Tuesday, October 11, 2011

Multi-threaded vs Multi-process

Cacheismo doesn't use threads. So does redis. Memcached is multi-threaded. How to choose?

Multi-threaded applications are hard to code and understand. Non-blocking multi-threaded applications are close to nightmare. I had the honor of writing multi-threaded non-blocking http proxy @apigee. It was written in c, had JNI bindings with java and could talk to our custom interface with kernel using shared memory (to avoid kernel space to user space data copy).  Having done that, I choose not to use threads in cacheismo.

Scalability of multi-threaded applications with multiple cores is simply a function of how much work can be done in parallel. The lesser the conflicts between the threads, better is the performance. The first problem is distribution of work among the requests. If multiple threads are working  concurrently on same piece of data, it is hard for them to make progress. Memcached uses a single selector thread to bind connections to different threads. It is not optimal. It will become bottleneck when you have thousands of clients trying to connect to the server at the same time. May be all connections of one thread are sleeping whereas all connections of some other thread are killing the cpu. So even though we have some work, few threads are not bothered because it doesn't belongs to them. This is kind of not possible with memcached (it hardly uses cpu), but very much possible with cacheismo running user scripts.  Now consider the hashmap itself. One hashmap, multiple threads, unavoidable lock. Possible solution here would be striping. What about slabs. One possibility is per thread slabs or some form of thread local caching or instead of using lock at slab level, use per slab locks.

In short, to make multi-threaded code work at optimal levels, we have to looking at our objects in finer granularity than what we originally planned. We have to make our design sub optimal to make sure threads make progress, even if at the cost of under utilization of resources.

Multi-process model works the opposite way. Consider your complete code/process as an object and create multiples of them. Have some way to distribute requests to these individual objects/processes. In many cases it is possible, specifically when either clients have knowledge of servers (consistent hashing) or if some intelligent proxy can do this for us (http load balancer). Even this could be non-optimal, but at least it is simple. What else? Memory leaks are easier to manage with multi-process model. Just restart the process. Since memory is managed at process level, it can be easily reclaimed by killing the process and if we have multiple of them, the service is not disrupted for every user. In a multi-threaded model, restart will impact all users. No locks are needed in multi process code, unless we use shared memory. The process boundary gives exclusive access to memory which doesn't need further management.

I don't see multi-process code in any ways inferior to multi-threaded code. It has some benefits like simple to code, simple to debug, simple to maintain. Other beauty is if instead of running 1 process with multiple threads you are running multiple processes with single thread, crash in the first case will cause full system failure, whereas in second case you still have (n-1)/n percent of the system up.  It is easy to upgrade things one at a time because we have more than 1 thing. With single server, no option but to shut it down, upgrade and start.
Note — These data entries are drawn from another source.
(* Let $\Lambda\subset\mathbb{R}^d$ be a full-rank lattice and $P=\Lambda\cap[0,1)^d$, and assume $|P|\ge 2$. Then $q(P)\ge q(\Lambda)$ and \[ h(P)\le \begin{cases} 2\sqrt{d}\, h(\Lambda) & \text{if } h(\Lambda)\ge 1/2,\\ (1+\sqrt{d})\,h(\Lambda) & \text{otherwise.}\end{cases} \] Consequently, \[ \rho(P)\le \begin{cases} 2\sqrt{d}\, \rho(\Lambda) & \text{if } h(\Lambda)\ge 1/2,\\ (1+\sqrt{d})\,\rho(\Lambda) & \text{otherwise.}\end{cases} \]
   Context: For a finite point set $P\subset[0,1]^d$ with at least two points: covering radius $h(P)=\sup_{x\in[0,1]^d}\min_{y\in P}\|x-y\|_2$, separation radius $q(P)=\frac12\min_{x,y\in P,\,x\ne y}\|x-y\|_2$, mesh ratio $\rho(P)=h(P)/q(P)$. For a full-rank lattice $\Lambda\subset\mathbb{R}^d$: $h(\Lambda)=\sup_{x\in\mathbb{R}^d}\min_{y\in\Lambda}\|x-y\|_2$, $q(\Lambda)=\frac12\min_{x\in\Lambda\setminus\{0\}}\|x\|_2$, $\rho(\Lambda)=h(\Lambda)/q(\Lambda)$. *)

theory Defs
  imports "HOL-Analysis.Analysis"
begin

definition lattice_of :: "real^'d^'d \<Rightarrow> (real^'d) set" where
  "lattice_of B = {B *v (\<chi> i. real_of_int (z $ i)) | z :: int^'d. True}"

definition full_rank_lattice :: "(real^'d) set \<Rightarrow> bool" where
  "full_rank_lattice L \<longleftrightarrow> (\<exists>B. invertible B \<and> L = lattice_of B)"

definition unit_cube :: "(real^'d) set" where
  "unit_cube = {x. \<forall>i. 0 \<le> x $ i \<and> x $ i \<le> 1}"

definition half_open_cube :: "(real^'d) set" where
  "half_open_cube = {x. \<forall>i. 0 \<le> x $ i \<and> x $ i < 1}"

definition cover_rad :: "(real^'d) set \<Rightarrow> real" where
  "cover_rad P = (SUP x\<in>unit_cube. Min ((\<lambda>y. dist x y) ` P))"

definition sep_rad :: "(real^'d) set \<Rightarrow> real" where
  "sep_rad P = Min {dist x y | x y. x \<in> P \<and> y \<in> P \<and> x \<noteq> y} / 2"

definition mesh_ratio :: "(real^'d) set \<Rightarrow> real" where
  "mesh_ratio P = cover_rad P / sep_rad P"

text \<open>Covering radius, separation radius and mesh ratio of a lattice
  (the minima are attained; written as infima).\<close>

definition lat_cover_rad :: "(real^'d) set \<Rightarrow> real" where
  "lat_cover_rad L = (SUP x\<in>UNIV. INF y\<in>L. dist x y)"

definition lat_sep_rad :: "(real^'d) set \<Rightarrow> real" where
  "lat_sep_rad L = (INF x\<in>L - {0}. norm x) / 2"

definition lat_mesh_ratio :: "(real^'d) set \<Rightarrow> real" where
  "lat_mesh_ratio L = lat_cover_rad L / lat_sep_rad L"

end

theory Submission
  imports Defs
begin

text \<open>Differences of points of \<open>P\<close> are nonzero lattice vectors, whence \<open>q(P) \<ge> q(\<Lambda>)\<close>.
  For the covering radius \<open>h = h(\<Lambda>)\<close>: if \<open>h \<ge> 1/2\<close>, a single point of \<open>P\<close> is within the cube
  diameter \<open>\<surd>d \<le> 2 \<surd>d h\<close> of every point of the cube. If \<open>h < 1/2\<close>, clamp \<open>x \<in> [0,1]\<^sup>d\<close>
  coordinatewise into the shrunken cube \<open>[h, 1 - h]\<^sup>d\<close>, moving it by at most \<open>\<surd>d h\<close>; a lattice
  point within \<open>h\<close> of the clamped point lies in \<open>[0,1)\<^sup>d\<close>, so \<open>h(P) \<le> (1 + \<surd>d) h\<close>
  (with an arbitrarily small slack, which avoids showing that nearest lattice points exist).
  The mesh ratio bound follows by dividing.\<close>

lemma norm_le_sqrt_CARD_mult:
  fixes v :: "real^'d"
  assumes "\<And>i. \<bar>v$i\<bar> \<le> c"
  shows "norm v \<le> sqrt (real CARD('d)) * c"
proof -
  have c: "0 \<le> c" using assms[of undefined] by simp
  have "(\<Sum>i\<in>UNIV. (v$i)\<^sup>2) \<le> (\<Sum>i\<in>(UNIV::'d set). c\<^sup>2)"
    by (rule sum_mono) (metis abs_le_square_iff abs_of_nonneg assms c)
  then have "sqrt (\<Sum>i\<in>UNIV. (v$i)\<^sup>2) \<le> sqrt (real CARD('d) * c\<^sup>2)"
    by (intro real_sqrt_le_mono) simp
  then show ?thesis using c by (simp add: norm_vec_def L2_set_def real_sqrt_mult)
qed

lemma lattice_of_diff:
  assumes "x \<in> lattice_of B" "y \<in> lattice_of B"
  shows "x - y \<in> lattice_of B"
proof -
  obtain z1 z2 where z: "x = B *v (\<chi> i. real_of_int (z1 $ i))" "y = B *v (\<chi> i. real_of_int (z2 $ i))"
    using assms unfolding lattice_of_def by auto
  have "(\<chi> i. real_of_int (z1 $ i)) - (\<chi> i. real_of_int (z2 $ i)) = (\<chi> i. real_of_int ((z1 - z2) $ i))"
    by (simp add: vec_eq_iff)
  then have "x - y = B *v (\<chi> i. real_of_int ((z1 - z2) $ i))"
    by (metis z matrix_vector_mult_diff_distrib)
  then show ?thesis unfolding lattice_of_def by blast
qed

lemma lattice_of_dist_bounded:
  fixes B :: "real^'d^'d"
  assumes "invertible B"
  shows "\<exists>R. \<forall>x. \<exists>y\<in>lattice_of B. dist x y \<le> R"
proof -
  obtain A where A: "A ** B = mat 1" "B ** A = mat 1" using assms unfolding invertible_def by auto
  obtain K where K: "\<And>v. norm (B *v v) \<le> norm v * K"
    using bounded_linear.pos_bounded[OF matrix_vector_mul_bounded_linear[of B]] by auto
  have "\<exists>y\<in>lattice_of B. dist x y \<le> sqrt (real CARD('d)) * \<bar>K\<bar>" for x
  proof -
    define t where "t = A *v x"
    define w where "w = (\<chi> i. real_of_int ((\<chi> j. floor (t$j)) $ i))"
    have "B *v w \<in> lattice_of B" unfolding w_def lattice_of_def by blast
    have "\<bar>(t - w)$i\<bar> \<le> 1" for i unfolding w_def by (simp; linarith)
    then have tw: "norm (t - w) \<le> sqrt (real CARD('d)) * 1" by (rule norm_le_sqrt_CARD_mult)
    have "dist x (B *v w) = norm (B *v (t - w))"
      unfolding t_def by (simp add: dist_norm matrix_vector_mult_diff_distrib matrix_vector_mul_assoc A)
    also have "\<dots> \<le> norm (t - w) * \<bar>K\<bar>" using K[of "t - w"] by (simp add: order_trans mult_left_mono)
    also have "\<dots> \<le> sqrt (real CARD('d)) * \<bar>K\<bar>" using tw by (simp add: mult_right_mono)
    finally show ?thesis using \<open>B *v w \<in> lattice_of B\<close> by blast
  qed
  then show ?thesis by blast
qed

lemma lattice_of_norm_bounded_below:
  fixes B :: "real^'d^'d"
  assumes "invertible B"
  shows "\<exists>c>0. \<forall>v\<in>lattice_of B - {0}. c \<le> norm v"
proof -
  obtain A where A: "A ** B = mat 1" using assms unfolding invertible_def by auto
  obtain K where K: "K > 0" "\<And>v. norm (A *v v) \<le> norm v * K"
    using bounded_linear.pos_bounded[OF matrix_vector_mul_bounded_linear[of A]] by auto
  have "1 / K \<le> norm v" if v: "v \<in> lattice_of B - {0}" for v
  proof -
    obtain z where z: "v = B *v (\<chi> i. real_of_int (z $ i))" using v unfolding lattice_of_def by auto
    then have Av: "A *v v = (\<chi> i. real_of_int (z $ i))" by (simp add: matrix_vector_mul_assoc A)
    have "(\<chi> i. real_of_int (z $ i)) \<noteq> 0" using v z by auto
    then obtain i where "z $ i \<noteq> 0" by (auto simp: vec_eq_iff)
    then have "1 \<le> \<bar>(A *v v) $ i\<bar>" unfolding Av by simp
    also have "\<dots> \<le> norm (A *v v)" by (rule component_le_norm_cart)
    also have "\<dots> \<le> norm v * K" by (rule K)
    finally show ?thesis using K by (simp add: field_simps)
  qed
  with K(1) show ?thesis by (intro exI[of _ "1 / K"]) auto
qed

lemma full_rank_lattice_diff:
  assumes "full_rank_lattice L" "x \<in> L" "y \<in> L"
  shows "x - y \<in> L"
  using assms lattice_of_diff unfolding full_rank_lattice_def by blast

lemma full_rank_lattice_nonzero:
  fixes L :: "(real^'d) set"
  assumes "full_rank_lattice L"
  shows "L - {0} \<noteq> {}"
proof -
  obtain B where B: "invertible B" "L = lattice_of B"
    using assms unfolding full_rank_lattice_def by blast
  have "B *v (\<chi> i. real_of_int ((1 :: int^'d) $ i)) \<in> L" unfolding B(2) lattice_of_def by blast
  moreover have "B *v x = 0 \<Longrightarrow> x = 0" for x
    using B(1) matrix_left_invertible_ker[of B] unfolding invertible_def by blast
  moreover have "(\<chi> i. real_of_int ((1 :: int^'d) $ i)) \<noteq> 0" by (simp add: vec_eq_iff)
  ultimately show ?thesis by (metis Diff_iff empty_iff singletonD)
qed

lemma lat_sep_rad_pos:
  assumes "full_rank_lattice L"
  shows "0 < lat_sep_rad L"
proof -
  obtain B where B: "invertible B" "L = lattice_of B"
    using assms unfolding full_rank_lattice_def by blast
  obtain c where c: "c > 0" "\<forall>v\<in>L - {0}. c \<le> norm v"
    using lattice_of_norm_bounded_below[OF B(1)] B(2) by blast
  have "c \<le> (INF v\<in>L - {0}. norm v)"
    using c(2) full_rank_lattice_nonzero[OF assms] by (intro cINF_greatest) auto
  with c(1) show ?thesis unfolding lat_sep_rad_def by simp
qed

lemma dist_ge_lat_sep_rad:
  assumes "full_rank_lattice L" "x \<in> L" "y \<in> L" "x \<noteq> y"
  shows "2 * lat_sep_rad L \<le> dist x y"
proof -
  have "bdd_below (norm ` (L - {0}))" by (rule bdd_belowI2[of _ 0]) simp
  moreover have "x - y \<in> L - {0}" using assms full_rank_lattice_diff by auto
  ultimately have "(INF v\<in>L - {0}. norm v) \<le> norm (x - y)" by (rule cINF_lower)
  then show ?thesis by (simp add: lat_sep_rad_def dist_norm)
qed

lemma INF_dist_le_lat_cover_rad:
  assumes "full_rank_lattice L"
  shows "(INF y\<in>L. dist x y) \<le> lat_cover_rad L"
proof -
  obtain B where B: "invertible B" "L = lattice_of B"
    using assms unfolding full_rank_lattice_def by blast
  obtain R where R: "\<forall>x. \<exists>y\<in>L. dist x y \<le> R" using lattice_of_dist_bounded[OF B(1)] B(2) by blast
  have bdd: "bdd_below ((\<lambda>y. dist x y) ` L)" for x by (rule bdd_belowI2[of _ 0]) simp
  have "(INF y\<in>L. dist x y) \<le> R" for x
    using R cINF_lower2[OF bdd] by blast
  then have "bdd_above (range (\<lambda>x. INF y\<in>L. dist x y))" by (intro bdd_aboveI2)
  then show ?thesis unfolding lat_cover_rad_def by (rule cSUP_upper[rotated]) simp
qed

lemma lat_cover_rad_nonneg:
  assumes "full_rank_lattice L"
  shows "0 \<le> lat_cover_rad L"
proof -
  have "L \<noteq> {}" using full_rank_lattice_nonzero[OF assms] by blast
  then have "0 \<le> (INF y\<in>L. dist 0 y)" by (intro cINF_greatest) auto
  then show ?thesis using INF_dist_le_lat_cover_rad[OF assms] by (rule order_trans)
qed

lemma exists_lattice_point_dist_less:
  assumes "full_rank_lattice L" "0 < e"
  shows "\<exists>y\<in>L. dist x y < lat_cover_rad L + e"
proof -
  have "L \<noteq> {}" using full_rank_lattice_nonzero[OF assms(1)] by blast
  moreover have "bdd_below ((\<lambda>y. dist x y) ` L)" by (rule bdd_belowI2[of _ 0]) simp
  moreover have "(INF y\<in>L. dist x y) < lat_cover_rad L + e"
    using INF_dist_le_lat_cover_rad[OF assms(1), of x] assms(2) by linarith
  ultimately show ?thesis by (simp add: cINF_less_iff)
qed

lemma sep_rad_ge:
  assumes "finite P" "x \<in> P" "y \<in> P" "x \<noteq> y"
    and "\<And>x y. x \<in> P \<Longrightarrow> y \<in> P \<Longrightarrow> x \<noteq> y \<Longrightarrow> 2 * q \<le> dist x y"
  shows "q \<le> sep_rad P"
proof -
  let ?D = "{dist x y | x y. x \<in> P \<and> y \<in> P \<and> x \<noteq> y}"
  have "?D \<subseteq> (\<lambda>(x, y). dist x y) ` (P \<times> P)" by auto
  then have "finite ?D" using assms(1) finite_subset by blast
  moreover have "?D \<noteq> {}" using assms(2-4) by blast
  ultimately have "2 * q \<le> Min ?D" using assms(5) by (subst Min_ge_iff) auto
  then show ?thesis unfolding sep_rad_def by simp
qed

lemma cover_rad_le:
  assumes "finite P" "\<And>x. x \<in> unit_cube \<Longrightarrow> \<exists>y\<in>P. dist x y \<le> M"
  shows "cover_rad P \<le> M"
  unfolding cover_rad_def
proof (rule cSUP_least)
  show "unit_cube \<noteq> {}" unfolding unit_cube_def by (auto intro: exI[of _ 0])
next
  fix x :: "real^'a" assume "x \<in> unit_cube"
  then obtain y where "y \<in> P" "dist x y \<le> M" using assms(2) by blast
  then show "Min ((\<lambda>y. dist x y) ` P) \<le> M"
    using assms(1) by (meson Min_le finite_imageI image_eqI order_trans)
qed

lemma half_open_cube_subset_unit_cube: "half_open_cube \<subseteq> unit_cube"
  unfolding half_open_cube_def unit_cube_def by (auto simp: less_imp_le)

lemma cover_rad_le_sqrt_CARD:
  fixes P :: "(real^'d) set"
  assumes "finite P" "p \<in> P" "p \<in> unit_cube"
  shows "cover_rad P \<le> sqrt (real CARD('d))"
proof (rule cover_rad_le[OF assms(1)])
  fix x :: "real^'d" assume x: "x \<in> unit_cube"
  have "\<bar>(x - p)$i\<bar> \<le> 1" for i
  proof -
    have "0 \<le> x$i" "x$i \<le> 1" "0 \<le> p$i" "p$i \<le> 1"
      using x assms(3) unfolding unit_cube_def by auto
    then show ?thesis by simp
  qed
  then have "norm (x - p) \<le> sqrt (real CARD('d)) * 1" by (rule norm_le_sqrt_CARD_mult)
  then show "\<exists>y\<in>P. dist x y \<le> sqrt (real CARD('d))" using assms(2) by (auto simp: dist_norm)
qed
The only problem I see with multi-process code is duplication of basic data structure and configuration.  For example running each requests in a separate java process in tomcat or jboss will be a really bad idea. There is simply too much shared state - db connection pool, byte code, runtime native code, session information, etc.   The other problem is a bit superficial one; instead of managing one process, we have to manage multiple of them (use scripts?)

If your solution is either stateless or it can be partitioned such that there is no interdependence, multiprocess will make more sense. It is a difficult choice, but just don't use threads if you can survive without them, specially with non-blocking code. Try  cacheismo and see for  yourself.

7 comments:

  1. Hey Rohit,

    Some good thoughts there. Clearly, developing a multi-threaded system that scales with cores is no trivial task keeping in mind all the complexities of shared data contention, locking, non-blocking IO, thread-connection stickiness, scheduling etc.

    While new language constructs/features (Java's Fork/Join, Agents in Functional Programming languages) are a step towards effectively leveraging multiple cores, for most class of problems a process approach could work out really well. Especially with the virtualization and horizontal scaling trend, a process oriented application clearly will be the right way to leverage.

    Ironically, the whole middleware stack that ruled the last decade was meant to solve this problem (among other things) and keep application code agnostic of the threading issues.

    ReplyDelete
  2. Thanks Ramesh. I remember discussing this with you and Ashutosh. Just penned in down ;)
    I used refcounting at multiple places in cacheismo and just the thought of putting locks in all those objects and using atomic increment/decrement operations all over gives me shivers. And then I thought it is so much simple to just run multiple of these processes instead of struggling with threads.

    ReplyDelete
  3. Was listening to Martin Odesky (Scala's author) in one of the podcasts on domain specific functional languages. He asks a very interesting question: Given that we are seeing processors with several hundreds of cores on the bleeding edge, couple of years down the line, it would be a common trend to see. The question then is, assuming that you have a problem that needs all these cores, what programming language/framework one would use to solve. He may be right in that there wouldn't be a single solution because to effectively leverage those many cores, one needs to be able to identify and codify the task parallelism. And he goes on to say that Domain specific languages would be be the best way to do that.

    ReplyDelete
  4. One of my self invented uses case for cacheismo is to be able to do map-reduce or something similar. I have already added support for cacheismo getting data from other cacheismo server. The next step is to add parallel get support. Given that, I believe cacheismo cluster can be thought of as some sort of universal RAM which stores objects accessible via keys instead of address. Consider the problem of top 10 keys in the cluster. One cacheismo server does a parallel get on all other cacheismo server and asks them to return top 10 keys. Merges all keys locally and returns the result. This effectively is what map-reduce does. This could be done with a single server with 1024 cores running 1024 cacheismo instances. I guess with parallel get what we get is a notion of a parallel stack, a true NFA, spread over the network. Since cacheismo uses lua coroutines, it could be doing thousands of such queries at the same time without blocking any threads. I guess the best part of this framework is that you are still in the familiar function call semantics except they are running in parallel on multiple cores/servers.

    ReplyDelete
  5. Interesting. Not directly related, but I see this more a trend in all modern day NoSQL DBs.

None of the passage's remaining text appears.